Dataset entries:
——
lemma solution_imp_system:
  assumes m2: "m \<ge> 2" and AB: "cu \<in> AB m" "cp0 \<in> AB m" "cp1 \<in> AB m"
    and AB_chi: "\<forall>a\<in>{2..m}. chi 0 a \<in> AB m"
    and tail: "\<forall>k::nat\<ge>1. \<forall>a\<in>{2..m}. chi k a \<in> J m"
    and chi0: "\<forall>a\<in>{2..m}. chi0_rel cp1 chi a \<in> J m"
    and grad: "\<forall>a\<in>{2..m}. grad_u_rel m cu cp1 a \<in> J m"
    and p: "(\<lambda>v. cp0 v + Dt 1 cp1 v) \<in> J m"
    and lap: "Lap m cp1 \<in> J m"
  shows "\<forall>k. \<forall>a\<in>{2..m}. chi_eq m cu cp1 chi k a \<in> J m"
    and "(\<lambda>v. Dt 1 cp0 v - Lap' m cp1 v) \<in> J m"
    and "(\<lambda>v. Dt 1 cp1 v + cp0 v) \<in> J m"
proof -
  have one: "1 \<in> {1..m}" using m2 by simp
  note chi_eq_0' = chi_eq_0[where chi = chi,
      OF AB_smooth[OF AB(1)] AB_smooth[OF AB(3)] AB_smooth[OF AB_chi[rule_format]] m2]
  show "\<forall>k. \<forall>a\<in>{2..m}. chi_eq m cu cp1 chi k a \<in> J m"
  proof (intro allI ballI)
    fix k a assume a: "a \<in> {2..m}"
    consider "k = 0" | "k = 1" | j where "k = Suc j" "j \<ge> 1"
      by (cases k) fastforce+
    then show "chi_eq m cu cp1 chi k a \<in> J m"
    proof cases
      case 1
      have CE: "CE m (unit a) \<in> J m" using a by (intro CE_in_J mi_unit) auto
      have "(\<lambda>v. grad_u_rel m cu cp1 a v + Dt 1 (chi0_rel cp1 chi a) v
          + 2 * cp1 v * CE m (unit a) v) \<in> J m"
        using a grad chi0 AB(3) by (intro J_add J_Dt J_mult[OF CE] one) auto
      then show ?thesis unfolding 1 chi_eq_0'[OF a] .
    next
      case 2
      have "(\<lambda>v. Dt 1 (chi 1 a) v + chi0_rel cp1 chi a v) \<in> J m"
        using a tail chi0 by (intro J_add J_Dt one) auto
      then show ?thesis unfolding 2 chi_eq_1 .
    next
      case 3
      have "(\<lambda>v. Dt 1 (chi (Suc j) a) v + chi j a v) \<in> J m"
        using a tail 3 by (intro J_add J_Dt one) auto
      then show ?thesis unfolding 3 chi_eq_Suc_Suc[OF 3(2)] .
    qed
  qed
  have "(\<lambda>v. Dt 1 (\<lambda>v. cp0 v + Dt 1 cp1 v) v - Lap m cp1 v) \<in> J m"
    by (intro J_diff J_Dt p lap one)
  then show "(\<lambda>v. Dt 1 cp0 v - Lap' m cp1 v) \<in> J m"
    unfolding Lap_eq[OF m2] using AB by (simp add: Dt_add AB_smooth)
  show "(\<lambda>v. Dt 1 cp1 v + cp0 v) \<in> J m"
    using p by (simp add: add.commute)
qed
(* Let $J$ be a Jacobi matrix and let $C_n,G_n$ be as defined in the context. (i) If $\sum_{n=1}^\infty[|b_n|+|a_n^2-1|]<\infty$, then for each $z\in\overline{\mathbb{D}}\setminus\{\pm1\}$, $A_0(z):=\sup_n[|G_n(z)|+|C_n(z)|]<\infty$, and $A_0(z)$ is bounded uniformly on compact subsets of $\overline{\mathbb{D}}\setminus\{\pm1\}$. (ii) If $\sum_{n=1}^\infty n[|b_n|+|a_n^2-1|]<\infty$, then there is a constant $A_1$ with $\sup_{n,\,z\in\overline{\mathbb{D}}}|G_n(z)|\le A_1$ and $\sup_{n,\,z\in\overline{\mathbb{D}}}\frac{|C_n(z)|}{1+n}\le A_1$. (iii) If $|b_n|+|a_n^2-1|\le CR^{-2n}$ for all $n$, for some $C$ and some $R>1$, then there is a constant $A_2$ such that for all $z$ with $|z|<R$ and all $n$, $|G_n(z)|+|C_n(z)|\le A_2(1+n)[\max(1,|z|)]^{2n}$.
   Context: $J$ is a Jacobi matrix with diagonal entries $b_n\in\mathbb{R}$ and off-diagonal entries $a_n>0$ ($n\ge1$); set $a_0=1$. The orthonormal polynomials satisfy $p_{-1}=0$, $p_0=1$, $xp_n(x)=a_{n+1}p_{n+1}(x)+b_{n+1}p_n(x)+a_np_{n-1}(x)$. Define $c_n(z)=z^np_n(z+z^{-1})$, $g_n(z)=z^n\bigl(p_n(z+z^{-1})-a_nzp_{n-1}(z+z^{-1})\bigr)$, $C_n=a_1\cdots a_n\,c_n$, $G_n=a_1\cdots a_n\,g_n$ (polynomials in $z$). $\mathbb{D}=\{|z|<1\}$. *)

theory Defs
  imports "HOL-Analysis.Analysis" "HOL-Computational_Algebra.Polynomial"
begin

text \<open>Orthonormal polynomials p_n of the Jacobi matrix with diagonal entries b n
  and off-diagonal entries a n (n >= 1), as real polynomials, from the recurrence
  x p_n = a_(n+1) p_(n+1) + b_(n+1) p_n + a_n p_(n-1), p_(-1) = 0, p_0 = 1.\<close>
fun jpoly :: "(nat \<Rightarrow> real) \<Rightarrow> (nat \<Rightarrow> real) \<Rightarrow> nat \<Rightarrow> real poly" where
  "jpoly a b 0 = 1"
| "jpoly a b (Suc 0) = smult (1 / a 1) [:- b 1, 1:]"
| "jpoly a b (Suc (Suc n)) =
     smult (1 / a (Suc (Suc n)))
       ([:- b (Suc (Suc n)), 1:] * jpoly a b (Suc n) - smult (a (Suc n)) (jpoly a b n))"

text \<open>For a polynomial q of degree at most n, zpoly n q is the polynomial in z
  equal to z^n q(z + 1/z) (for z \<noteq> 0): expand z^n (z+1/z)^k = z^(n-k) (z^2+1)^k.\<close>
definition zpoly :: "nat \<Rightarrow> real poly \<Rightarrow> complex \<Rightarrow> complex" where
  "zpoly n q z = (\<Sum>k\<le>n. of_real (coeff q k) * z ^ (n - k) * (z\<^sup>2 + 1) ^ k)"

definition cfun :: "(nat \<Rightarrow> real) \<Rightarrow> (nat \<Rightarrow> real) \<Rightarrow> nat \<Rightarrow> complex \<Rightarrow> complex" where
  "cfun a b n z = zpoly n (jpoly a b n) z"

text \<open>g_n(z) = z^n (p_n(z+1/z) - a_n z p_(n-1)(z+1/z)) = c_n(z) - a_n z^2 c_(n-1)(z),
  with p_(-1) = 0 (so g_0 = c_0).\<close>
definition gfun :: "(nat \<Rightarrow> real) \<Rightarrow> (nat \<Rightarrow> real) \<Rightarrow> nat \<Rightarrow> complex \<Rightarrow> complex" where
  "gfun a b n z = (if n = 0 then cfun a b 0 z
                   else cfun a b n z - of_real (a n) * z\<^sup>2 * cfun a b (n - 1) z)"

definition Cfun :: "(nat \<Rightarrow> real) \<Rightarrow> (nat \<Rightarrow> real) \<Rightarrow> nat \<Rightarrow> complex \<Rightarrow> complex" where
  "Cfun a b n z = of_real (\<Prod>i=1..n. a i) * cfun a b n z"

definition Gfun :: "(nat \<Rightarrow> real) \<Rightarrow> (nat \<Rightarrow> real) \<Rightarrow> nat \<Rightarrow> complex \<Rightarrow> complex" where
  "Gfun a b n z = of_real (\<Prod>i=1..n. a i) * gfun a b n z"

end

theory Submission
  imports Defs
begin

text \<open>
  Substituting x = z + 1/z turns the three-term recurrence into a first order system for the
  pair (G n, C n):
    G (n+1) = G n + (- b (n+1) z + (1 - a (n+1)^2) z^2) C n,
    C (n+1) = (z^2 - b (n+1) z) C n + G n.
  For the free Jacobi matrix (a = 1, b = 0) this gives G n = 1 and C n = 1 + z^2 + ... + z^(2n);
  in general the perturbation at step n has size e n = |b (n+1)| + |a (n+1)^2 - 1|.
  A Gronwall-type induction bounds both |G n| and |C n| / (n+1) by
  exp (sum over k < n of (k+1) e k (|z| + |z|^2)) max(1,|z|)^(2n), which gives (ii) on the closed
  disc and, when e k = O(R^(-2k)), (iii) on |z| < R.
  For (i) the factor n+1 has to be avoided. One passes to H n = G n - (1 - z^2) C n, which is
  z^(2n+2) in the free case: |G n| + |H n| only grows by factors 1 + 6 e n / |1 - z^2|, and
  C n = (G n - H n) / (1 - z^2) is recovered away from z = 1 and z = -1.
\<close>

section \<open>A perturbed free recursion\<close>

lemma norm_perturbation_le:
  fixes z :: complex and \<beta> \<alpha> :: real
  shows "cmod (- of_real \<beta> * z + of_real \<alpha> * z\<^sup>2) \<le> (\<bar>\<beta>\<bar> + \<bar>\<alpha>\<bar>) * (cmod z + (cmod z)\<^sup>2)"
proof -
  have "cmod (- of_real \<beta> * z + of_real \<alpha> * z\<^sup>2) \<le> \<bar>\<beta>\<bar> * cmod z + \<bar>\<alpha>\<bar> * (cmod z)\<^sup>2"
    by (rule order_trans[OF norm_triangle_ineq]) (simp add: norm_mult norm_power)
  also have "\<dots> \<le> (\<bar>\<beta>\<bar> + \<bar>\<alpha>\<bar>) * (cmod z + (cmod z)\<^sup>2)"
    by (simp add: algebra_simps)
  finally show ?thesis .
qed

text \<open>The induction step of the growth bound, with u, v the norms of G n, C n and
  s = max(1,|z|)^2.\<close>

lemma growth_step_arith:
  fixes u v u' v' d s m Q :: real
  assumes u': "u' \<le> u + d * v" and v': "v' \<le> (s + d) * v + u"
    and d: "0 \<le> d" and s: "1 \<le> s" and m: "0 \<le> m"
    and u: "u \<le> Q" and v: "v \<le> (m + 1) * Q" and Q: "0 \<le> Q"
  shows "u' \<le> (1 + (m + 1) * d) * s * Q"
    and "v' \<le> (m + 2) * ((1 + (m + 1) * d) * s * Q)"
proof -
  have "u' \<le> (1 + (m + 1) * d) * Q"
    using u' u mult_left_mono[OF v d] by (simp add: algebra_simps)
  also have "\<dots> \<le> (1 + (m + 1) * d) * s * Q"
    using mult_left_mono[OF s, of "(1 + (m + 1) * d) * Q"] d m Q by (simp add: algebra_simps)
  finally show "u' \<le> (1 + (m + 1) * d) * s * Q" .
  have "(s + d) * v \<le> (s + d) * ((m + 1) * Q)"
    using v d s by (intro mult_left_mono) auto
  then have "v' \<le> (s + d) * ((m + 1) * Q) + Q"
    using v' u by linarith
  also have "\<dots> \<le> (m + 2) * ((1 + (m + 1) * d) * s * Q)"
  proof -
    have "1 * 1 \<le> (m + 2) * s"
      using m s by (intro mult_mono) auto
    then have "0 \<le> (m + 1) * d * ((m + 2) * s - 1)"
      using d m by simp
    then have "0 \<le> Q * ((s - 1) + (m + 1) * d * ((m + 2) * s - 1))"
      using Q s by simp
    then show ?thesis by (simp add: algebra_simps)
  qed
  finally show "v' \<le> (m + 2) * ((1 + (m + 1) * d) * s * Q)" .
qed

lemma powr_minus_2n_eq_power:
  fixes R :: real
  assumes "0 < R"
  shows "R powr (- 2 * real n) = (1 / R\<^sup>2) ^ n"
proof -
  have "R powr (- 2 * real n) = inverse (R powr real (2 * n))"
    by (simp add: powr_minus[symmetric])
  also have "\<dots> = inverse (R ^ (2 * n))"
    using assms by (subst powr_realpow) auto
  finally show ?thesis
    by (simp add: power_mult power_one_over inverse_eq_divide)
qed

lemma sum_linear_weight_le_geometric:
  fixes e :: "nat \<Rightarrow> real"
  assumes q: "0 < q" "q < 1" and C: "0 \<le> C" and e: "\<And>k. e k \<le> C * q ^ Suc k"
  shows "(\<Sum>k<n. (real k + 1) * e k) \<le> C * q / (1 - q)\<^sup>2"
proof -
  have sums: "(\<lambda>k. real (Suc k) * q ^ k) sums (1 / (1 - q)\<^sup>2)"
    using geometric_deriv_sums[of q] q by simp
  have "(\<Sum>k<n. real (Suc k) * q ^ k) \<le> (\<Sum>k. real (Suc k) * q ^ k)"
    using q by (intro sum_le_suminf sums_summable[OF sums]) auto
  then have "(\<Sum>k<n. real (Suc k) * q ^ k) \<le> 1 / (1 - q)\<^sup>2"
    using sums_unique[OF sums] by simp
  then have "C * q * (\<Sum>k<n. real (Suc k) * q ^ k) \<le> C * q * (1 / (1 - q)\<^sup>2)"
    using C q by (intro mult_left_mono) auto
  moreover have "(\<Sum>k<n. (real k + 1) * e k) \<le> C * q * (\<Sum>k<n. real (Suc k) * q ^ k)"
  proof (unfold sum_distrib_left, intro sum_mono)
    fix k
    have "(real k + 1) * e k \<le> (real k + 1) * (C * q ^ Suc k)"
      using e by (intro mult_left_mono) auto
    then show "(real k + 1) * e k \<le> C * q * (real (Suc k) * q ^ k)"
      by (simp add: algebra_simps)
  qed
  ultimately show ?thesis
    by simp
qed

locale GC_recursion =
  fixes \<beta> \<alpha> :: "nat \<Rightarrow> real" and z :: complex and G C :: "nat \<Rightarrow> complex"
  assumes G_0: "G 0 = 1" and C_0: "C 0 = 1"
    and G_Suc: "G (Suc n) = G n + (- of_real (\<beta> n) * z + of_real (\<alpha> n) * z\<^sup>2) * C n"
    and C_Suc: "C (Suc n) = (z\<^sup>2 - of_real (\<beta> n) * z) * C n + G n"
begin

lemma norm_G_Suc_le:
  "cmod (G (Suc n)) \<le> cmod (G n) + (\<bar>\<beta> n\<bar> + \<bar>\<alpha> n\<bar>) * (cmod z + (cmod z)\<^sup>2) * cmod (C n)"
  unfolding G_Suc
  by (rule order_trans[OF norm_triangle_ineq])
    (unfold norm_mult, intro add_left_mono mult_right_mono norm_perturbation_le norm_ge_zero)

lemma norm_C_Suc_le:
  "cmod (C (Suc n))
    \<le> ((max 1 (cmod z))\<^sup>2 + (\<bar>\<beta> n\<bar> + \<bar>\<alpha> n\<bar>) * (cmod z + (cmod z)\<^sup>2)) * cmod (C n) + cmod (G n)"
proof -
  have "cmod (z\<^sup>2 - of_real (\<beta> n) * z) \<le> (cmod z)\<^sup>2 + \<bar>\<beta> n\<bar> * cmod z"
    by (rule order_trans[OF norm_triangle_ineq4]) (simp add: norm_mult norm_power)
  moreover have "(cmod z)\<^sup>2 \<le> (max 1 (cmod z))\<^sup>2"
    by (intro power_mono) auto
  moreover have "\<bar>\<beta> n\<bar> * cmod z \<le> (\<bar>\<beta> n\<bar> + \<bar>\<alpha> n\<bar>) * (cmod z + (cmod z)\<^sup>2)"
    by (simp add: algebra_simps)
  ultimately have "cmod (z\<^sup>2 - of_real (\<beta> n) * z)
      \<le> (max 1 (cmod z))\<^sup>2 + (\<bar>\<beta> n\<bar> + \<bar>\<alpha> n\<bar>) * (cmod z + (cmod z)\<^sup>2)"
    by linarith
  then have "cmod (z\<^sup>2 - of_real (\<beta> n) * z) * cmod (C n)
      \<le> ((max 1 (cmod z))\<^sup>2 + (\<bar>\<beta> n\<bar> + \<bar>\<alpha> n\<bar>) * (cmod z + (cmod z)\<^sup>2)) * cmod (C n)"
    by (rule mult_right_mono) simp
  moreover have "cmod (C (Suc n)) \<le> cmod (z\<^sup>2 - of_real (\<beta> n) * z) * cmod (C n) + cmod (G n)"
    unfolding C_Suc by (rule order_trans[OF norm_triangle_ineq]) (simp add: norm_mult)
  ultimately show ?thesis
    by linarith
qed

lemma norm_G_C_le_exp_sum:
  defines "D n \<equiv> (\<Sum>k<n. (real k + 1) * (\<bar>\<beta> k\<bar> + \<bar>\<alpha> k\<bar>)) * (cmod z + (cmod z)\<^sup>2)"
  shows "cmod (G n) \<le> exp (D n) * max 1 (cmod z) ^ (2 * n) \<and>
    cmod (C n) \<le> (real n + 1) * (exp (D n) * max 1 (cmod z) ^ (2 * n))"
proof (induction n)
  case 0
  then show ?case by (simp add: G_0 C_0 D_def)
next
  case (Suc n)
  define r where "r = max 1 (cmod z)"
  define d where "d = (\<bar>\<beta> n\<bar> + \<bar>\<alpha> n\<bar>) * (cmod z + (cmod z)\<^sup>2)"
  define Q where "Q = exp (D n) * r ^ (2 * n)"
  have d: "0 \<le> d" and r: "1 \<le> r\<^sup>2" and Q: "0 \<le> Q"
    unfolding d_def r_def Q_def by (simp_all add: one_le_power)
  note norm_G_Suc_le[of n, folded d_def] norm_C_Suc_le[of n, folded d_def r_def]
  moreover have "cmod (G n) \<le> Q" "cmod (C n) \<le> (real n + 1) * Q"
    using Suc.IH unfolding Q_def r_def by auto
  ultimately have step:
    "cmod (G (Suc n)) \<le> (1 + (real n + 1) * d) * r\<^sup>2 * Q"
    "cmod (C (Suc n)) \<le> (real n + 2) * ((1 + (real n + 1) * d) * r\<^sup>2 * Q)"
    using growth_step_arith[OF _ _ d r of_nat_0_le_iff] Q by blast+
  define E where "E = exp (D (Suc n)) * r ^ (2 * Suc n)"
  have XE: "(1 + (real n + 1) * d) * r\<^sup>2 * Q \<le> E"
  proof -
    have "(1 + (real n + 1) * d) * (r\<^sup>2 * Q) \<le> exp ((real n + 1) * d) * (r\<^sup>2 * Q)"
      using Q by (intro mult_right_mono exp_ge_add_one_self) simp
    also have "\<dots> = E"
      unfolding E_def D_def Q_def d_def by (simp add: exp_add algebra_simps power2_eq_square)
    finally show ?thesis by (simp add: algebra_simps)
  qed
  then have "(real n + 2) * ((1 + (real n + 1) * d) * r\<^sup>2 * Q) \<le> (real (Suc n) + 1) * E"
    by (simp add: mult_left_mono add.commute)
  with step XE show ?case
    unfolding r_def[symmetric] E_def[symmetric] by linarith
qed

lemma norm_G_C_le_exp:
  assumes "(\<Sum>k<n. (real k + 1) * (\<bar>\<beta> k\<bar> + \<bar>\<alpha> k\<bar>)) * (cmod z + (cmod z)\<^sup>2) \<le> B"
  shows "cmod (G n) \<le> exp B * max 1 (cmod z) ^ (2 * n)"
    and "cmod (C n) \<le> (real n + 1) * (exp B * max 1 (cmod z) ^ (2 * n))"
proof -
  define X where "X = exp ((\<Sum>k<n. (real k + 1) * (\<bar>\<beta> k\<bar> + \<bar>\<alpha> k\<bar>)) * (cmod z + (cmod z)\<^sup>2))
      * max 1 (cmod z) ^ (2 * n)"
  have XB: "X \<le> exp B * max 1 (cmod z) ^ (2 * n)"
    unfolding X_def using assms by (intro mult_right_mono) auto
  then have "(real n + 1) * X \<le> (real n + 1) * (exp B * max 1 (cmod z) ^ (2 * n))"
    by (intro mult_left_mono) auto
  moreover have "cmod (G n) \<le> X" "cmod (C n) \<le> (real n + 1) * X"
    using norm_G_C_le_exp_sum[of n] unfolding X_def by auto
  ultimately show "cmod (G n) \<le> exp B * max 1 (cmod z) ^ (2 * n)"
    and "cmod (C n) \<le> (real n + 1) * (exp B * max 1 (cmod z) ^ (2 * n))"
    using XB by linarith+
qed

definition H :: "nat \<Rightarrow> complex" where
  "H n = G n - (1 - z\<^sup>2) * C n"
——
▶ _Problem details_
Check each line above for the string "jpoly" and show the ones that have it.

▶ _Solution for this exercise_
fun jpoly :: "(nat \<Rightarrow> real) \<Rightarrow> (nat \<Rightarrow> real) \<Rightarrow> nat \<Rightarrow> real poly" where
  "jpoly a b 0 = 1"
| "jpoly a b (Suc 0) = smult (1 / a 1) [:- b 1, 1:]"
| "jpoly a b (Suc (Suc n)) =
       ([:- b (Suc (Suc n)), 1:] * jpoly a b (Suc n) - smult (a (Suc n)) (jpoly a b n))"
  "cfun a b n z = zpoly n (jpoly a b n) z"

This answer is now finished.